Net cash used in investing activities in 2011 was $59.9 million and was used for purchases of textbooks of
$74.1 million, partially offset by proceeds from liquidation of textbooks of $30.9 million. In 2011, we narrowed
our rental catalog to include only those titles that we believe have sufficient demand to profitably enable the
repeat rentals necessary to support renting textbooks at a per rental price below our acquisition cost.
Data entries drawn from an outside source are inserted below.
(* Let $G$ be a word-hyperbolic group with a marked finite generating set $A$, let $H\le G$ be a quasiconvex subgroup, and let $Y=\Gamma(G/H,A)$ with its simplicial metric $d_Y$. Then there exists $\delta'\ge 0$ such that every geodesic bigon in $(Y,d_Y)$ is $\delta'$-thin, i.e. whenever $\alpha,\beta$ are geodesic segments in $Y$ with the same endpoints, $\alpha$ lies in the closed $\delta'$-neighborhood of $\beta$ and $\beta$ lies in the closed $\delta'$-neighborhood of $\alpha$.
   Context: A marked finite generating set of $G$ is a map $\pi:A\to G$ from a finite alphabet $A$ such that $\pi(A)$ generates $G$ (non-injective $\pi$ and $1\in\pi(A)$ allowed). The relative Cayley graph $\Gamma(G/H,A)$ has vertex set the right cosets $Hg$ ($g\in G$) and, for each $(Hg,a)\in G/H\times A$, an edge from $Hg$ to $Hg\pi(a)$ labeled $a$; all edges have length one. $H$ quasiconvex means there is $C>0$ such that every geodesic in the Cayley graph $\Gamma(G,A)$ with endpoints in $H$ lies in the $C$-neighborhood of $H$. *)

theory Defs
  imports Complex_Main "HOL-Algebra.Coset" "HOL-Algebra.Generated_Groups"
begin

text \<open>A (multi)graph is given by a vertex set V, an edge index set E and
  source/target maps; loops and multiple edges are allowed.  A point of the
  geometric realization is either a vertex or an interior point Ed e t
  (0 < t < 1) of an edge e, at distance t from src e and 1 - t from tgt e.\<close>

datatype ('v, 'e) mgpoint = Vx 'v | Ed 'e real

definition mg_points :: "'v set \<Rightarrow> 'e set \<Rightarrow> ('v, 'e) mgpoint set" where
  "mg_points V E = Vx ` V \<union> {Ed e t | e t. e \<in> E \<and> 0 < t \<and> t < 1}"

definition mg_adj :: "'e set \<Rightarrow> ('e \<Rightarrow> 'v) \<Rightarrow> ('e \<Rightarrow> 'v) \<Rightarrow> 'v \<Rightarrow> 'v \<Rightarrow> bool" where
  "mg_adj E src tgt u v \<longleftrightarrow>
     (\<exists>e\<in>E. (src e = u \<and> tgt e = v) \<or> (src e = v \<and> tgt e = u))"

definition mg_vdist :: "'e set \<Rightarrow> ('e \<Rightarrow> 'v) \<Rightarrow> ('e \<Rightarrow> 'v) \<Rightarrow> 'v \<Rightarrow> 'v \<Rightarrow> nat" where
  "mg_vdist E src tgt u v = (LEAST n. (mg_adj E src tgt ^^ n) u v)"

fun mg_ends :: "('e \<Rightarrow> 'v) \<Rightarrow> ('e \<Rightarrow> 'v) \<Rightarrow> ('v, 'e) mgpoint \<Rightarrow> ('v \<times> real) set" where
  "mg_ends src tgt (Vx v) = {(v, 0)}"
| "mg_ends src tgt (Ed e t) = {(src e, t), (tgt e, 1 - t)}"

fun mg_same_edge :: "('v, 'e) mgpoint \<Rightarrow> ('v, 'e) mgpoint \<Rightarrow> real set" where
  "mg_same_edge (Ed e s) (Ed e' t) = (if e = e' then {\<bar>s - t\<bar>} else {})"
| "mg_same_edge _ _ = {}"

text \<open>The path metric of the geometric realization (simplicial metric).\<close>
definition mg_dist :: "'e set \<Rightarrow> ('e \<Rightarrow> 'v) \<Rightarrow> ('e \<Rightarrow> 'v) \<Rightarrow>
    ('v, 'e) mgpoint \<Rightarrow> ('v, 'e) mgpoint \<Rightarrow> real" where
  "mg_dist E src tgt x y =
     Min ({a + real (mg_vdist E src tgt p q) + b | p a q b.
             (p, a) \<in> mg_ends src tgt x \<and> (q, b) \<in> mg_ends src tgt y}
          \<union> mg_same_edge x y)"

definition mg_geodesic :: "'v set \<Rightarrow> 'e set \<Rightarrow> ('e \<Rightarrow> 'v) \<Rightarrow> ('e \<Rightarrow> 'v) \<Rightarrow>
    (real \<Rightarrow> ('v, 'e) mgpoint) \<Rightarrow> real \<Rightarrow> bool" where
  "mg_geodesic V E src tgt \<gamma> L \<longleftrightarrow> 0 \<le> L \<and>
     (\<forall>s\<in>{0..L}. \<gamma> s \<in> mg_points V E) \<and>
     (\<forall>s\<in>{0..L}. \<forall>t\<in>{0..L}. mg_dist E src tgt (\<gamma> s) (\<gamma> t) = \<bar>s - t\<bar>)"

definition mg_nbhd :: "'v set \<Rightarrow> 'e set \<Rightarrow> ('e \<Rightarrow> 'v) \<Rightarrow> ('e \<Rightarrow> 'v) \<Rightarrow>
    real \<Rightarrow> ('v, 'e) mgpoint set \<Rightarrow> ('v, 'e) mgpoint set" where
  "mg_nbhd V E src tgt r S =
     {x \<in> mg_points V E. \<exists>y\<in>S. mg_dist E src tgt x y \<le> r}"

definition marked_gen_set :: "('g, 'b) monoid_scheme \<Rightarrow> 'a set \<Rightarrow> ('a \<Rightarrow> 'g) \<Rightarrow> bool" where
  "marked_gen_set G A \<pi> \<longleftrightarrow> finite A \<and> \<pi> ` A \<subseteq> carrier G \<and>
     generate G (\<pi> ` A) = carrier G"

text \<open>Relative Cayley graph Gamma(G/H, A): vertices the right cosets H g, one
  edge (H g, a) from H g to H g pi(a) for each coset and each letter.\<close>
definition rcg_V :: "('g, 'b) monoid_scheme \<Rightarrow> 'g set \<Rightarrow> 'g set set" where
  "rcg_V G H = rcosets\<^bsub>G\<^esub> H"

definition rcg_E :: "('g, 'b) monoid_scheme \<Rightarrow> 'g set \<Rightarrow> 'a set \<Rightarrow> ('g set \<times> 'a) set" where
  "rcg_E G H A = (rcosets\<^bsub>G\<^esub> H) \<times> A"

definition rcg_src :: "('g set \<times> 'a) \<Rightarrow> 'g set" where
  "rcg_src e = fst e"

definition rcg_tgt :: "('g, 'b) monoid_scheme \<Rightarrow> ('a \<Rightarrow> 'g) \<Rightarrow> ('g set \<times> 'a) \<Rightarrow> 'g set" where
  "rcg_tgt G \<pi> e = fst e #>\<^bsub>G\<^esub> \<pi> (snd e)"

abbreviation rcg_points where
  "rcg_points G H A \<equiv> mg_points (rcg_V G H) (rcg_E G H A)"

abbreviation rcg_dist where
  "rcg_dist G \<pi> H A \<equiv> mg_dist (rcg_E G H A) rcg_src (rcg_tgt G \<pi>)"

abbreviation rcg_geodesic where
  "rcg_geodesic G \<pi> H A \<equiv> mg_geodesic (rcg_V G H) (rcg_E G H A) rcg_src (rcg_tgt G \<pi>)"

abbreviation rcg_nbhd where
  "rcg_nbhd G \<pi> H A \<equiv> mg_nbhd (rcg_V G H) (rcg_E G H A) rcg_src (rcg_tgt G \<pi>)"

text \<open>The Cayley graph Gamma(G, A) is the relative Cayley graph for the
  trivial subgroup; its vertex for g is the coset {g}.\<close>

definition hyperbolic_group :: "('g, 'b) monoid_scheme \<Rightarrow> 'a set \<Rightarrow> ('a \<Rightarrow> 'g) \<Rightarrow> bool" where
  "hyperbolic_group G A \<pi> \<longleftrightarrow> group G \<and> marked_gen_set G A \<pi> \<and>
     (\<exists>\<delta>\<ge>0. \<forall>\<alpha> La \<beta> Lb \<gamma> Lc.
        rcg_geodesic G \<pi> {\<one>\<^bsub>G\<^esub>} A \<alpha> La \<and> rcg_geodesic G \<pi> {\<one>\<^bsub>G\<^esub>} A \<beta> Lb \<and>
        rcg_geodesic G \<pi> {\<one>\<^bsub>G\<^esub>} A \<gamma> Lc \<and>
        \<alpha> La = \<beta> 0 \<and> \<beta> Lb = \<gamma> 0 \<and> \<gamma> Lc = \<alpha> 0 \<longrightarrow>
        \<alpha> ` {0..La} \<subseteq> rcg_nbhd G \<pi> {\<one>\<^bsub>G\<^esub>} A \<delta> (\<beta> ` {0..Lb} \<union> \<gamma> ` {0..Lc}))"

definition quasiconvex :: "('g, 'b) monoid_scheme \<Rightarrow> 'a set \<Rightarrow> ('a \<Rightarrow> 'g) \<Rightarrow> 'g set \<Rightarrow> bool" where
  "quasiconvex G A \<pi> H \<longleftrightarrow>
     (\<exists>C>0. \<forall>\<alpha> L. rcg_geodesic G \<pi> {\<one>\<^bsub>G\<^esub>} A \<alpha> L \<and>
        \<alpha> 0 \<in> (\<lambda>h. Vx {h}) ` H \<and> \<alpha> L \<in> (\<lambda>h. Vx {h}) ` H \<longrightarrow>
        \<alpha> ` {0..L} \<subseteq> rcg_nbhd G \<pi> {\<one>\<^bsub>G\<^esub>} A C ((\<lambda>h. Vx {h}) ` H))"

end

theory Submission
  imports Defs
begin

text \<open>
  Write \<open>X\<close> for the Cayley graph \<open>Gamma(G, A)\<close> and \<open>Y\<close> for \<open>Gamma(G/H, A)\<close>.  Paths in
  \<open>Y\<close> lift to paths in \<open>X\<close> and paths in \<open>X\<close> project to \<open>Y\<close>, so
  \<open>d\<^sub>Y(Ha, Hb) = min {d\<^sub>X(a, hb) | h \<in> H}\<close>; in particular \<open>d\<^sub>Y(Ha, H) = d\<^sub>X(a, H)\<close>.
  Measure Gromov products in \<open>Y\<close> from the base vertex \<open>H\<close>.  A geodesic from \<open>a\<close> to \<open>b\<close> in \<open>X\<close>
  comes within \<open>(d\<^sub>X(a, H) + d\<^sub>X(b, H) - d\<^sub>X(a, b))/2 + const\<close> of \<open>H\<close>: compare it, via thin
  triangles, with the path through the points of \<open>H\<close> nearest to \<open>a\<close> and \<open>b\<close>, whose middle
  part stays near \<open>H\<close> by quasiconvexity.  Feeding this into a thin triangle \<open>a, b, c\<close> of \<open>X\<close>
  gives \<open>(U|W)\<^sub>H \<ge> min ((U|Z)\<^sub>H, (Z|W)\<^sub>H) - K\<close> for all vertices of \<open>Y\<close>.  Such an inequality
  at a single base point implies the four-point condition, and the four-point condition keeps
  the points at equal arc length on the two sides of a geodesic bigon uniformly close.
\<close>

section \<open>Distances in metric graphs\<close>

lemma mg_adj_sym: "mg_adj E src tgt u v \<Longrightarrow> mg_adj E src tgt v u"
  unfolding mg_adj_def by blast

lemma mg_adj_relpowp_sym: "(mg_adj E src tgt ^^ n) u v \<Longrightarrow> (mg_adj E src tgt ^^ n) v u"
proof (induction n arbitrary: v)
  case (Suc n)
  then obtain w where "(mg_adj E src tgt ^^ n) u w" "mg_adj E src tgt w v"
    by (auto elim: relpowp_Suc_E)
  then show ?case using Suc.IH mg_adj_sym relpowp_Suc_I2 by metis
qed simp

lemma mg_vdist_le: "(mg_adj E src tgt ^^ n) u v \<Longrightarrow> mg_vdist E src tgt u v \<le> n"
  unfolding mg_vdist_def by (rule Least_le)

lemma mg_vdist_relpowp:
  "(mg_adj E src tgt ^^ n) u v \<Longrightarrow> (mg_adj E src tgt ^^ mg_vdist E src tgt u v) u v"
  unfolding mg_vdist_def by (rule LeastI)

lemma mg_vdist_refl [simp]: "mg_vdist E src tgt u u = 0"
  using mg_vdist_le[of 0 E src tgt u u] by simp

lemma mg_vdist_adj_le: "mg_adj E src tgt u v \<Longrightarrow> mg_vdist E src tgt u v \<le> 1"
  by (metis mg_vdist_le relpowp_1)

lemma relpowp_map:
  assumes "\<And>x y. P x y \<Longrightarrow> Q (f x) (f y)" and "(P ^^ n) x y"
  shows "(Q ^^ n) (f x) (f y)"
  using assms(2)
proof (induction n arbitrary: y)
  case (Suc n)
  then obtain z where "(P ^^ n) x z" "P z y" by (auto elim: relpowp_Suc_E)
  then show ?case using Suc.IH assms(1) by (meson relpowp_Suc_I)
qed simp

lemma floor_ceiling_nat_bounds:
  fixes s :: real
  assumes "0 \<le> s" "s \<le> real n"
  shows "nat \<lfloor>s\<rfloor> \<le> n" "nat \<lceil>s\<rceil> \<le> n"
    "real (nat \<lfloor>s\<rfloor>) = of_int \<lfloor>s\<rfloor>" "real (nat \<lceil>s\<rceil>) = of_int \<lceil>s\<rceil>"
proof -
  show "nat \<lfloor>s\<rfloor> \<le> n" using floor_mono[OF assms(2)] by (simp add: nat_le_iff)
  show "nat \<lceil>s\<rceil> \<le> n" using ceiling_mono[OF assms(2)] by (simp add: nat_le_iff)
  show "real (nat \<lfloor>s\<rfloor>) = of_int \<lfloor>s\<rfloor>" "real (nat \<lceil>s\<rceil>) = of_int \<lceil>s\<rceil>"
    using assms(1) by simp_all
qed

lemma mg_ends_finite: "finite (mg_ends src tgt x)"
  by (cases x) auto

lemma mg_ends_nonempty: "\<exists>p a. (p, a) \<in> mg_ends src tgt x"
  by (cases x) auto

lemma mg_dist_candidates_finite:
  "finite ({a + real (mg_vdist E src tgt p q) + b | p a q b.
      (p, a) \<in> mg_ends src tgt x \<and> (q, b) \<in> mg_ends src tgt y} \<union> mg_same_edge x y)"
proof -
  have "{a + real (mg_vdist E src tgt p q) + b | p a q b.
      (p, a) \<in> mg_ends src tgt x \<and> (q, b) \<in> mg_ends src tgt y} =
    (\<lambda>((p, a), (q, b)). a + real (mg_vdist E src tgt p q) + b) `
      (mg_ends src tgt x \<times> mg_ends src tgt y)"
    by force
  moreover have "finite (mg_same_edge x y)"
    by (cases x; cases y) simp_all
  ultimately show ?thesis
    using finite_imageI[OF finite_cartesian_product[OF mg_ends_finite mg_ends_finite]] by simp
qed

lemma mg_dist_le_via_ends:
  "(p, a) \<in> mg_ends src tgt x \<Longrightarrow> (q, b) \<in> mg_ends src tgt y \<Longrightarrow>
    mg_dist E src tgt x y \<le> a + real (mg_vdist E src tgt p q) + b"
  unfolding mg_dist_def by (rule Min_le[OF mg_dist_candidates_finite]) blast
In addition,
we used $14.0 million in the acquisition of businesses, net of cash acquired.
Cash Flows from Financing Activities
Cash flows from financing activities have been related to proceeds from, and payments on, our debt
obligations and proceeds from the issuance of convertible preferred stock. Net cash provided by financing
activities in 2013 was $145.2 million and was related to net proceeds received from our IPO and the exercise of
stock options, partially offset by the pay-off of our revolving credit facility.
Net cash provided by financing activities in 2012 was $19.8 million and was primarily related to proceeds
from the issuance of convertible preferred stock of $25.0 million, partially offset by the repurchase of common
stock and vested stock options of $5.2 million associated with a put option granted in connection with prior
acquisitions.
Net cash used in financing activities in 2011 was $8.8 million and was primarily related to payments of debt
obligations of $42.8 million, partially offset by proceeds from debt obligations of $33.3 million.
Contractual Obligations and Other Commitments
The following is a summary of the contractual commitments associated with our debt and lease obligations
(which include the related interest) as of December 31, 2013 (in thousands):
Total
Less than
1 Year 1-3 Years 3-5 Years
More than
5 Years
Commitment fee on unused portion of revolving credit
facility ........................................ $ 327 $ 125 $ 202 $ — $
Operating lease obligations(1) ........................ 11,323 3,694 5,874 1,615 140
Total contractual obligations .................... $11,650 $3,819 $6,076 $1,615 $140
(1) Our office and warehouse facilities are leased under operating leases, which expire at various dates through 2019.